Mars 2001

LA VIEILLE SARAH...

 

Comme elle était vieille, cette pauvre Sarah, toute courbée sous le poids des ans et de la maladie. Une tumeur maligne lui rongeait les entrailles. St Luc qui était médecin, nous dit qu'elle souffrait d'épuisantes pertes de sang…

Comme tout le monde, elle avait entendu parler de Jésus de Nazareth. On disait tant de merveilles de ce nouveau prophète qui parcourait la Galilée…

Sarah était croyante, comme la plupart des filles d'Israël. Elle avait appris que ce Jésus était compatissant pour toutes les misères humaines.
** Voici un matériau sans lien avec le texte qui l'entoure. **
lemma diagonal_equal_if_angle_preserved:
  assumes "0 < \<theta>" "\<theta> < pi"
    and angle: "\<And>u v. \<lbrakk>u \<noteq> 0; v \<noteq> 0; ip_angle B1 u v = \<theta>\<rbrakk> \<Longrightarrow> ip_angle B2 u v = \<theta>"
    and e: "B1 e1 e1 = 1" "B1 e2 e2 = 1" "B1 e1 e2 = 0" "B2 e1 e2 = 0"
  shows "B2 e1 e1 = B2 e2 e2"
proof -
  define c s where "c = cos (\<theta>/2)" and "s = sin (\<theta>/2)"
  have "c > 0" "s > 0"
    unfolding c_def s_def using \<open>0 < \<theta>\<close> \<open>\<theta> < pi\<close> by (simp_all add: cos_gt_zero_pi sin_gt_zero)
  have cs: "c*c + s*s = 1" and cos_\<theta>: "cos \<theta> = c*c - s*s"
    unfolding c_def s_def using cos_double[of "\<theta>/2"] by (simp_all add: power2_eq_square)
  define u v where "u = c *\<^sub>R e1 + (-s) *\<^sub>R e2" and "v = c *\<^sub>R e1 + s *\<^sub>R e2"
  have "B1 u u = 1" "B1 v v = 1" "B1 u v = cos \<theta>"
    unfolding u_def v_def B1.combination e cos_\<theta> using cs by simp_all
  hence "u \<noteq> 0" "v \<noteq> 0" and "ip_angle B1 u v = \<theta>"
    using \<open>0 < \<theta>\<close> \<open>\<theta> < pi\<close> by (auto simp: B1.ip_angle_unit arccos_cos)
  hence "cos \<theta> = B2 u v / (ip_norm B2 u * ip_norm B2 v)"
    using angle B2.cos_ip_angle by metis
  moreover define a d Q where "a = B2 e1 e1" and "d = B2 e2 e2" and "Q = c*c*a + s*s*d"
  moreover have "B2 u u = Q" "B2 v v = Q" "B2 u v = c*c*a - s*s*d"
    unfolding u_def v_def B2.combination e Q_def a_def d_def by simp_all
  moreover have "Q > 0"
    using B2.pos[OF \<open>u \<noteq> 0\<close>] \<open>B2 u u = Q\<close> by simp
  ultimately have B2_cos: "c*c*a - s*s*d = (c*c - s*s) * Q"
    unfolding cos_\<theta> ip_norm_def by (simp add: real_sqrt_mult[symmetric])
  have "2*(c*c)*(s*s)*(a - d) = (c*c + s*s) * (c*c*a - s*s*d) - (c*c - s*s) * Q"
    unfolding Q_def by (simp add: algebra_simps)
  also have "\<dots> = 0"
    using B2_cos cs by simp
  finally show ?thesis
    using \<open>c > 0\<close> \<open>s > 0\<close> unfolding a_def d_def by simp
qed

lemma orthogonal_if_angle_preserved_orthonormal:
  assumes "0 < \<theta>" "\<theta> < pi"
    and angle: "\<And>u v. \<lbrakk>u \<noteq> 0; v \<noteq> 0; ip_angle B1 u v = \<theta>\<rbrakk> \<Longrightarrow> ip_angle B2 u v = \<theta>"
    and xy: "B1 x x = 1" "B1 y y = 1" "B1 x y = 0"
  shows "B2 x y = 0"
proof -
  obtain \<phi> where diag: "B2 (cos \<phi> *\<^sub>R x + sin \<phi> *\<^sub>R y) ((- sin \<phi>) *\<^sub>R x + cos \<phi> *\<^sub>R y) = 0"
    using B2.exists_rotation_orthogonal by blast
  define c s e1 e2 where "c = cos \<phi>" and "s = sin \<phi>"
    and "e1 = c *\<^sub>R x + s *\<^sub>R y" and "e2 = (- s) *\<^sub>R x + c *\<^sub>R y"
  have cs: "c*c + s*s = 1"
    unfolding c_def s_def by (simp add: sin_cos_squared_add3)
  have "B1 e1 e1 = 1" "B1 e2 e2 = 1" "B1 e1 e2 = 0"
    unfolding e1_def e2_def B1.combination xy using cs by (simp_all add: algebra_simps)
  moreover have "B2 e1 e2 = 0"
    using diag unfolding e1_def e2_def c_def s_def .
  ultimately have "B2 e1 e1 = B2 e2 e2"
    using diagonal_equal_if_angle_preserved[OF \<open>0 < \<theta>\<close> \<open>\<theta> < pi\<close> angle] by blast
  moreover have "(c*c - s*s) * B2 e1 e2 + c*s * (B2 e1 e1 - B2 e2 e2) = (c*c + s*s)\<^sup>2 * B2 x y"
    unfolding e1_def e2_def B2.combination by (simp add: algebra_simps power2_eq_square)
  ultimately show ?thesis
    using \<open>B2 e1 e2 = 0\<close> cs by simp
qed

lemma orthogonality_preserved_if_angle_preserved:
  assumes "0 < \<theta>" "\<theta> < pi"
    and angle: "\<And>u v. \<lbrakk>u \<noteq> 0; v \<noteq> 0; ip_angle B1 u v = \<theta>\<rbrakk> \<Longrightarrow> ip_angle B2 u v = \<theta>"
    and "x \<noteq> 0" "y \<noteq> 0" "B1 x y = 0"
  shows "B2 x y = 0"
proof -
  define x' y' where "x' = inverse (ip_norm B1 x) *\<^sub>R x" and "y' = inverse (ip_norm B1 y) *\<^sub>R y"
  have "B1 x' x' = 1" "B1 y' y' = 1" "B1 x' y' = 0"
    unfolding x'_def y'_def using B1.normalize_unit \<open>x \<noteq> 0\<close> \<open>y \<noteq> 0\<close> \<open>B1 x y = 0\<close> by simp_all
  hence "B2 x' y' = 0"
    using orthogonal_if_angle_preserved_orthonormal[OF \<open>0 < \<theta>\<close> \<open>\<theta> < pi\<close> angle] by blast
  moreover have "ip_norm B1 x \<noteq> 0" "ip_norm B1 y \<noteq> 0"
    using \<open>x \<noteq> 0\<close> \<open>y \<noteq> 0\<close> unfolding ip_norm_def by simp_all
  ultimately show ?thesis
    unfolding x'_def y'_def by simp
qed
N'avait-il pas sauvé de la lapidation, cette pécheresse bien connue dans la région ?

Jésus avait été le témoin de la souffrance de la veuve de Naïm qui enterrait son fils unique. Elle était abîmée dans sa douleur et ne l'avait même pas vu ! Emu de compassion, Jésus avait ressuscité son fils. Quant à l'aveugle de Jéricho, il criait à tue-tête": Jésus fils de David, aie pitié de moi ! "et Jésus l'avait guéri , lui aussi, à cause de sa foi.

Tout cela passe et repasse dans la tête de la vieille Sarah. Elle se dit qu'elle aussi, elle aurait bien besoin d'être guérie. Mais, comment faire ? Elle n'osera pas l'aborder en face, ni lui expliquer son mal devant toute la foule. Elle sait ce qu'elle va faire, elle va tout simplement le toucher et elle sera guérie.
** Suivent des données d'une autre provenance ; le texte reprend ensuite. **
(* If $\mathcal C$ denotes the epireflective subcategory of $\mathbf{Top}$ defined by any one of the separation axioms $T_0$, $T_1$, $T_2$, functionally Hausdorff, then $\mathrm{r}_{\mathcal C}$ preserves arbitrary products of semitopological Mal'tsev spaces: for every family $\{X_i\}$ of semitopological Mal'tsev spaces, the canonical map $\mu_{\mathcal C}\colon\mathrm{r}_{\mathcal C}\prod X_i\to\prod\mathrm{r}_{\mathcal C}X_i$ is a homeomorphism.
   Context: For an epireflective subcategory $\mathcal C$ of $\mathbf{Top}$, $\mathrm{r}_{\mathcal C}X$ is the reflection of $X$ in $\mathcal C$ with universal continuous surjection $\mathrm{r}_{(X,\mathcal C)}$, and $\mu_{\mathcal C}$ is the unique continuous map with $\pi_j\circ\mu_{\mathcal C}=\mathrm{r}_{\mathcal C}(\pi_{X_j})$ for all $j$. A Mal'tsev operation on $X$ is a map $\Phi\colon X^3\to X$ with $\Phi(x,x,y)=\Phi(y,x,x)=y$; a semitopological Mal'tsev space is a space admitting a separately continuous Mal'tsev operation. A space is functionally Hausdorff if distinct points are separated by a real-valued continuous function. *)

theory Defs
  imports "HOL-Analysis.Analysis"
begin

definition functionally_Hausdorff :: "'a topology \<Rightarrow> bool" where
  "functionally_Hausdorff X \<longleftrightarrow>
     (\<forall>x\<in>topspace X. \<forall>y\<in>topspace X. x \<noteq> y \<longrightarrow>
        (\<exists>f. continuous_map X euclideanreal f \<and> f x \<noteq> f y))"

datatype sep_axiom = ST0 | ST1 | ST2 | SFH

fun sep_holds :: "sep_axiom \<Rightarrow> 'a topology \<Rightarrow> bool" where
  "sep_holds ST0 X = t0_space X"
| "sep_holds ST1 X = t1_space X"
| "sep_holds ST2 X = Hausdorff_space X"
| "sep_holds SFH X = functionally_Hausdorff X"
Alors, elle se faufile péniblement à travers la foule qui la presse, qui la bouscule sans ménagement.

La voilà enfin, toute proche de Jésus, encore un effort et elle tend la main vers ce grand manteau que portent tous les juifs de son époque.

Elle le touche quelques instants et le serre avec confiance, mais elle est bousculée et s'accroche, malgré elle, au vêtement. Jésus s'arrête: "Qui vient de me toucher ?" Pierre et Jean interviennent : "Comment peux-tu poser cette question, tout le monde te presse de tous côtés ! ". " Non, dit Jésus, quelqu'un m'a touché ".

Jésus promène lentement son regard autour de lui et tombe en arrêt devant Sarah. Elle voit qu'elle a été découverte, pleine de confusion et de crainte, elle tombe à genoux, aux pieds de Jésus, comme l'a fait la pécheresse de Bethsaïda.

Humble et tremblante, elle explique, devant la foule, en pleurant, son geste audacieux. Les pharisiens qui l'écoutent, disent que c'est une folle, une superstitieuse, une idolâtre, qu'elle a perdu le sens, c'est encore une de ces pauvres folles qui courent après le prophète. Jésus la relève, comprend la beauté et la grandeur de son geste de foi et lui dit : " Femme, que ta foi est grande, qu'il te soit fait selon ta foi ! Va en paix ! "

Sarah se relève guérie, elle regarde une dernière fois ce visage extraordinaire de Jésus qui rayonne tant de bonté et de compassion. Plus que son pauvre corps, c'est son cœur qui a été guéri par ce regard plein de bonté de Jésus qui a eu pitié d'elle. Jamais, de toute sa vie, elle n'oubliera cet instant !

Les pharisiens, témoins de la scène et ceux de tous les temps, en sont pour leurs frais. Cette élite religieuse reste prisonnière de son aveuglement, de ses questions perverses, de son prétendu savoir, de son entêtement à vouloir ramener Dieu à sa mesure et de lui interdire d'agir selon la toute-puissance de son amour.

La pauvre Sarah n'avait pas de licence en théologie, elle ignorait tout des subtilités dogmatiques, elle ignorait le Credo, mais elle était allée à Jésus avec son cœur et sa foi. Elle espérait tout de lui. Plus tard, Thérèse de l'Enfant Jésus, dira dans le même esprit : " On obtient du bon Dieu, autant qu'on espère de lui ". Qui voudrait aujourd'hui ne pas saisir ce manteau du Christ ? Qui ne voudrait pas tendre la main vers Jésus, s'accrocher à lui, pour lui demander non seulement la guérison du corps, mais celle du cœur ? C'est toujours possible !

Le secret, c'est de fendre la foule de nos hésitations et de nos doutes, c'est de nous approcher du Christ, comme cette vieille Sarah, avec la même confiance et la même simplicité ! C'est de rester accroché aux pans de son manteau et de le suivre, car là où il est, nous serons avec lui.